Directions for this task: Here is the listing. Report each line in it that contains the string "unfolding".

Start of Extracted entries

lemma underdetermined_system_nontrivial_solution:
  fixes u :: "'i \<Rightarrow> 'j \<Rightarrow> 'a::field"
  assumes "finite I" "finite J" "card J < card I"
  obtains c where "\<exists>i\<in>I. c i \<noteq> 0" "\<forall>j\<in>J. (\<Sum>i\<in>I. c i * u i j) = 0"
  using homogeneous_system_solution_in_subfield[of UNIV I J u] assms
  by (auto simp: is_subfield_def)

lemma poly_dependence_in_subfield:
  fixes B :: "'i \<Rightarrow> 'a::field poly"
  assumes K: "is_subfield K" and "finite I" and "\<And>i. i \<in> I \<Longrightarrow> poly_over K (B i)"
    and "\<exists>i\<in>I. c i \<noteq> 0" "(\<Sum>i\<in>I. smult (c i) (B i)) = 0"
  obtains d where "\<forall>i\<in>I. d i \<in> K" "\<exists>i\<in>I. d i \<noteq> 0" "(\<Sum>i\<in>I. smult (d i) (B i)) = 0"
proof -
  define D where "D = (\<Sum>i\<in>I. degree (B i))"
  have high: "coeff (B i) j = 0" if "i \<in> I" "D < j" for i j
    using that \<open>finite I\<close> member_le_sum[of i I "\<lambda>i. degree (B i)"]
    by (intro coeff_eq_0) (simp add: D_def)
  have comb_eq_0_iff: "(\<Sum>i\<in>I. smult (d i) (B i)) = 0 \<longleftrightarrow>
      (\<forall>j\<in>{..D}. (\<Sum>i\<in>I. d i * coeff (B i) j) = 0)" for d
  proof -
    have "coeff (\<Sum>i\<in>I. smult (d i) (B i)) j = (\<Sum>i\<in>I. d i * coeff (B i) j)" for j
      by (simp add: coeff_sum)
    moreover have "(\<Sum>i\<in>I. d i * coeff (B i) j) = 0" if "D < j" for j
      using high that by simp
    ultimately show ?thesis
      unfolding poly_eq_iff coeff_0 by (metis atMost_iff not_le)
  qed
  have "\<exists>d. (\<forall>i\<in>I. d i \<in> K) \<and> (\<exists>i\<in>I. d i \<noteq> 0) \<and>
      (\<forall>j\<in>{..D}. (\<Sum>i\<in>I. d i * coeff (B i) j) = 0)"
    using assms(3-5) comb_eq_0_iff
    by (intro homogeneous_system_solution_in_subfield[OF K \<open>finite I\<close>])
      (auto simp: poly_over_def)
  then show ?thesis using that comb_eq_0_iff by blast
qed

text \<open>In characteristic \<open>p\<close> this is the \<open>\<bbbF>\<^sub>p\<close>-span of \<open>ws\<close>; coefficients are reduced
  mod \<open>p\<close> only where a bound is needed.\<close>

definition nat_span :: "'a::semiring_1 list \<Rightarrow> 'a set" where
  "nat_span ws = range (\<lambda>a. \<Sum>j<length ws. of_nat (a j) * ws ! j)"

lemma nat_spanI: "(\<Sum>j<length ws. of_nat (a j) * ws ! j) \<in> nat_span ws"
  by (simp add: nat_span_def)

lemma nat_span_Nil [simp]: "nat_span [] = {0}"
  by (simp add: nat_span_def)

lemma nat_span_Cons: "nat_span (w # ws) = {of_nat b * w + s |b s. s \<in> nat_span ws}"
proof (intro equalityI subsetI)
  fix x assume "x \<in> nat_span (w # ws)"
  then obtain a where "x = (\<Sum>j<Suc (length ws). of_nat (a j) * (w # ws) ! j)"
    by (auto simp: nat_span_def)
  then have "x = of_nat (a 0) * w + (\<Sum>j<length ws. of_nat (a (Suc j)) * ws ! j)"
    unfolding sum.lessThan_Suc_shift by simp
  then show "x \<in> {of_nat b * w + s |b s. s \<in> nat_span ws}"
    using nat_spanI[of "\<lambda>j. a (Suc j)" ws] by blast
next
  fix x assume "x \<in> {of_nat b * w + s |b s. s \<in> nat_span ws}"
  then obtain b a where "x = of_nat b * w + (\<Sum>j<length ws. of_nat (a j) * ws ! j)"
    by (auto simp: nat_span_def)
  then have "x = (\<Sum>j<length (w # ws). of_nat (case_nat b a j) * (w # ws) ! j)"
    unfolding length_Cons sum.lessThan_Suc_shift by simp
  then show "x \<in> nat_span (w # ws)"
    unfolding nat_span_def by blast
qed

End of Extracted entries
Start of Extracted entries

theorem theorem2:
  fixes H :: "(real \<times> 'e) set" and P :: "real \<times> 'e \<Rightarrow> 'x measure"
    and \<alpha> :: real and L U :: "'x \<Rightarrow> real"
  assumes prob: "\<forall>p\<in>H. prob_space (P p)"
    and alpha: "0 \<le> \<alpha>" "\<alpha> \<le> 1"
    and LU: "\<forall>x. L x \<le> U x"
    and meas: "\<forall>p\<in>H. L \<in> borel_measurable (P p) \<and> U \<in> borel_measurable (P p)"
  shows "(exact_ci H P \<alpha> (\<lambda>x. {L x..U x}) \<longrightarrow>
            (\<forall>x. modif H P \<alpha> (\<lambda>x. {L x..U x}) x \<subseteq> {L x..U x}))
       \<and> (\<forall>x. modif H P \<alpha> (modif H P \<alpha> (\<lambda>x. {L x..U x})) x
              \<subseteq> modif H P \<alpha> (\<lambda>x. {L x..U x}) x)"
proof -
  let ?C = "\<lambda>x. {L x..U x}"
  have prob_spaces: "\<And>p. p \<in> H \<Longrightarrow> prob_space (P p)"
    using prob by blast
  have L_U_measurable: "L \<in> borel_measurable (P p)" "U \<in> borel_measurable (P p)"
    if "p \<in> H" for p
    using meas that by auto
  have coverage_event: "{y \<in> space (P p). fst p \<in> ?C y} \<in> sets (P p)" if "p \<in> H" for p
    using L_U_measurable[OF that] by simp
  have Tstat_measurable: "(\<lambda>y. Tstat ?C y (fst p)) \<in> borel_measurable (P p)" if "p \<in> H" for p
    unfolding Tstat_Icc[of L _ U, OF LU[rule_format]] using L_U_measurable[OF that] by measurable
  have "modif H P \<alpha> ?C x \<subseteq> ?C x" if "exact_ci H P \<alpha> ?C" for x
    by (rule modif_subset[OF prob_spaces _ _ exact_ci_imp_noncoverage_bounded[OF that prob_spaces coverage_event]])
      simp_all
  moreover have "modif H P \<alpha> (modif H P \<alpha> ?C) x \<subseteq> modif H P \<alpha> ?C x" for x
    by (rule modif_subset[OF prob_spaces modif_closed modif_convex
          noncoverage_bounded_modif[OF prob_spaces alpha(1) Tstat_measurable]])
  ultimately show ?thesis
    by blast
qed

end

End of Extracted entries

Result:
      unfolding poly_eq_iff coeff_0 by (metis atMost_iff not_le)
    unfolding sum.lessThan_Suc_shift by simp
    unfolding length_Cons sum.lessThan_Suc_shift by simp
    unfolding nat_span_def by blast
    unfolding Tstat_Icc[of L _ U, OF LU[rule_format]] using L_U_measurable[OF that] by measurable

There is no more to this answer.